Starting at the first line of the data below, write out each line exactly until you reach the line containing "imports Main", and include that line too.

─── DATA PROVIDED

(* The semigroup $S=sgp^+\langle a,b\mid aba=ba\rangle$ is not automatic.
   Context: $sgp^+\langle A\mid R\rangle$ is the free semigroup $A^+$ of nonempty words modulo the congruence generated by $R$. Automaticity: regular = accepted by a finite automaton. With $\$\notin A$, $A(2,\$)=(A\cup\{\$\})^2\setminus\{(\$,\$)\}$; $(\alpha,\beta)\delta_A^R$ is the word over $A(2,\$)$ obtained by padding the shorter word on the right with $\$$'s and reading letter pairs. A semigroup $S$ is automatic if there are a finite generating set $A$ (with canonical epimorphism $\phi:A^+\to S$) and a regular $L\subseteq A^+$ with $\phi(L)=S$ such that for every $a\in A\cup\{\varepsilon\}$ the language $\{(\alpha,\beta)\delta^R_A:\alpha,\beta\in L,\ \phi(\alpha a)=\phi(\beta)\}$ is regular. *)

theory Defs
  imports Main
begin

text \<open>For languages contained in the words over a finite alphabet this is
exactly the usual notion.\<close>

definition regular :: "'x list set \<Rightarrow> bool" where
  "regular L \<longleftrightarrow> (\<exists>(Q :: nat set) q0 (\<delta> :: nat \<Rightarrow> 'x \<Rightarrow> nat) F.
      finite Q \<and> q0 \<in> Q \<and> (\<forall>q\<in>Q. \<forall>x. \<delta> q x \<in> Q) \<and> F \<subseteq> Q \<and>
      L = {w. foldl \<delta> q0 w \<in> F})"

section \<open>Padded pair words (padding symbol \$ rendered as None)\<close>

definition padR :: "'a list \<Rightarrow> 'a list \<Rightarrow> ('a option \<times> 'a option) list" where
  "padR \<alpha> \<beta> = zip (map Some \<alpha> @ replicate (length \<beta> - length \<alpha>) None)
                   (map Some \<beta> @ replicate (length \<alpha> - length \<beta>) None)"

fun evalw :: "('s \<Rightarrow> 's \<Rightarrow> 's) \<Rightarrow> 's list \<Rightarrow> 's" where
  "evalw mult [] = undefined"
| "evalw mult (x # xs) = foldl mult x xs"

text \<open>Here the letter
a is encoded as Some a and \<epsilon> as None.\<close>
definition automatic :: "'s set \<Rightarrow> ('s \<Rightarrow> 's \<Rightarrow> 's) \<Rightarrow> bool" where
  "automatic S mult \<longleftrightarrow> (\<exists>A L.
      A \<subseteq> S \<and> finite A \<and>
      L \<subseteq> lists A - {[]} \<and> regular L \<and> evalw mult ` L = S \<and>
      (\<forall>a \<in> Some ` A \<union> {None}.
         regular {padR \<alpha> \<beta> | \<alpha> \<beta>. \<alpha> \<in> L \<and> \<beta> \<in> L \<and>
            evalw mult (\<alpha> @ (case a of None \<Rightarrow> [] | Some x \<Rightarrow> [x])) = evalw mult \<beta>}))"

definition elem_step :: "('g list \<times> 'g list) set \<Rightarrow> ('g list \<times> 'g list) set" where
  "elem_step R = {(x @ l @ y, x @ r @ y) | x y l r. (l, r) \<in> R}"

definition pcong :: "('g list \<times> 'g list) set \<Rightarrow> ('g list \<times> 'g list) set" where
  "pcong R = (elem_step R \<union> (elem_step R)\<inverse>)\<^sup>*"

definition pclass :: "('g list \<times> 'g list) set \<Rightarrow> 'g list \<Rightarrow> 'g list set" where
  "pclass R w = pcong R `` {w}"

definition pcarrier :: "('g list \<times> 'g list) set \<Rightarrow> 'g list set set" where
  "pcarrier R = pclass R ` {w. w \<noteq> []}"

definition pmult :: "('g list \<times> 'g list) set \<Rightarrow> 'g list set \<Rightarrow> 'g list set \<Rightarrow> 'g list set" where
  "pmult R X Y = pclass R ((SOME u. u \<in> X) @ (SOME v. v \<in> Y))"

datatype gen_ab = ga | gb

definition R_aba :: "(gen_ab list \<times> gen_ab list) set" where
  "R_aba = {([ga, gb, ga], [gb, ga])}"

end

theory Submission
  imports Defs
begin

(* The number of b's is an invariant of S, the words a^k b^n are alone in their classes,
   and a^k b^n a = b^n a for n > 0. Given an automatic structure (A, L), pick for every n
   words gamma_n, alpha_n in L representing b^n a and a^k b^n, with k so large that the first
   |gamma_n| generators of alpha_n spell only a's; then alpha_n a = gamma_n. The automaton for
   L_a is in one of finitely many states after reading the first |gamma_n| letter pairs of
   (alpha_n, gamma_n), so for some m \<noteq> n the tails of alpha_m and alpha_n can be exchanged.
   This yields a word of L whose product with a equals gamma_m, although it contains n b's. *)

lemma elem_step_append_context:
  "(u, v) \<in> elem_step R \<Longrightarrow> (x @ u @ y, x @ v @ y) \<in> elem_step R"
  unfolding elem_step_def by (auto, metis append.assoc)

lemma pcong_append_context:
  assumes "(u, v) \<in> pcong R" shows "(x @ u @ y, x @ v @ y) \<in> pcong R"
  using assms unfolding pcong_def
proof (induction rule: rtrancl_induct)
  case (step v w)
  then have "(x @ v @ y, x @ w @ y) \<in> elem_step R \<union> (elem_step R)\<inverse>"
    using elem_step_append_context by blast
  with step.IH show ?case by (rule rtrancl_into_rtrancl)
qed simp

lemma pcong_refl [simp]: "(u, u) \<in> pcong R"
  unfolding pcong_def by simp

lemma pcong_sym: "(u, v) \<in> pcong R \<Longrightarrow> (v, u) \<in> pcong R"
  unfolding pcong_def
  by (metis converse_Un converse_converse rtrancl_converseI sup_commute)

lemma pcong_trans: "(u, v) \<in> pcong R \<Longrightarrow> (v, w) \<in> pcong R \<Longrightarrow> (u, w) \<in> pcong R"
  unfolding pcong_def by (rule rtrancl_trans)

lemma elem_step_pcong: "(u, v) \<in> elem_step R \<Longrightarrow> (u, v) \<in> pcong R"
  unfolding pcong_def by blast

lemma relator_pcong:
  assumes "(l, r) \<in> R" shows "(l, r) \<in> pcong R"
proof -
  have "([] @ l @ [], [] @ r @ []) \<in> elem_step R"
    unfolding elem_step_def using assms by blast
  then show ?thesis by (simp add: elem_step_pcong)
qed

lemma mem_pclass_iff: "v \<in> pclass R u \<longleftrightarrow> (u, v) \<in> pcong R"
  unfolding pclass_def by simp

lemma pclass_eq_iff: "pclass R u = pclass R v \<longleftrightarrow> (u, v) \<in> pcong R"
proof
  assume "pclass R u = pclass R v"
  then show "(u, v) \<in> pcong R" by (metis mem_pclass_iff pcong_refl)
next
  assume "(u, v) \<in> pcong R"
  then show "pclass R u = pclass R v"
    unfolding pclass_def by (auto intro: pcong_trans pcong_sym)
qed

lemma pclass_irreducible:
  assumes "\<And>x y l r. (l, r) \<in> R \<Longrightarrow> w \<noteq> x @ l @ y \<and> w \<noteq> x @ r @ y"
  shows "pclass R w = {w}"
proof -
  have "(w, v) \<notin> elem_step R \<union> (elem_step R)\<inverse>" for v
    using assms unfolding elem_step_def by blast
  then have "v = w" if "(w, v) \<in> pcong R" for v
    using that unfolding pcong_def by (auto elim: converse_rtranclE)
  then show ?thesis unfolding pclass_def by auto
qed

lemma count_list_pcong:
  assumes "\<And>l r. (l, r) \<in> R \<Longrightarrow> count_list l c = count_list r c"
    and "(u, v) \<in> pcong R"
  shows "count_list u c = count_list v c"
  using assms(2) unfolding pcong_def
proof (induction rule: rtrancl_induct)
  case (step v w)
  then show ?case using assms(1) unfolding elem_step_def by auto
qed simp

──────

§ RESULT:
(* The semigroup $S=sgp^+\langle a,b\mid aba=ba\rangle$ is not automatic.
   Context: $sgp^+\langle A\mid R\rangle$ is the free semigroup $A^+$ of nonempty words modulo the congruence generated by $R$. Automaticity: regular = accepted by a finite automaton. With $\$\notin A$, $A(2,\$)=(A\cup\{\$\})^2\setminus\{(\$,\$)\}$; $(\alpha,\beta)\delta_A^R$ is the word over $A(2,\$)$ obtained by padding the shorter word on the right with $\$$'s and reading letter pairs. A semigroup $S$ is automatic if there are a finite generating set $A$ (with canonical epimorphism $\phi:A^+\to S$) and a regular $L\subseteq A^+$ with $\phi(L)=S$ such that for every $a\in A\cup\{\varepsilon\}$ the language $\{(\alpha,\beta)\delta^R_A:\alpha,\beta\in L,\ \phi(\alpha a)=\phi(\beta)\}$ is regular. *)

theory Defs
  imports Main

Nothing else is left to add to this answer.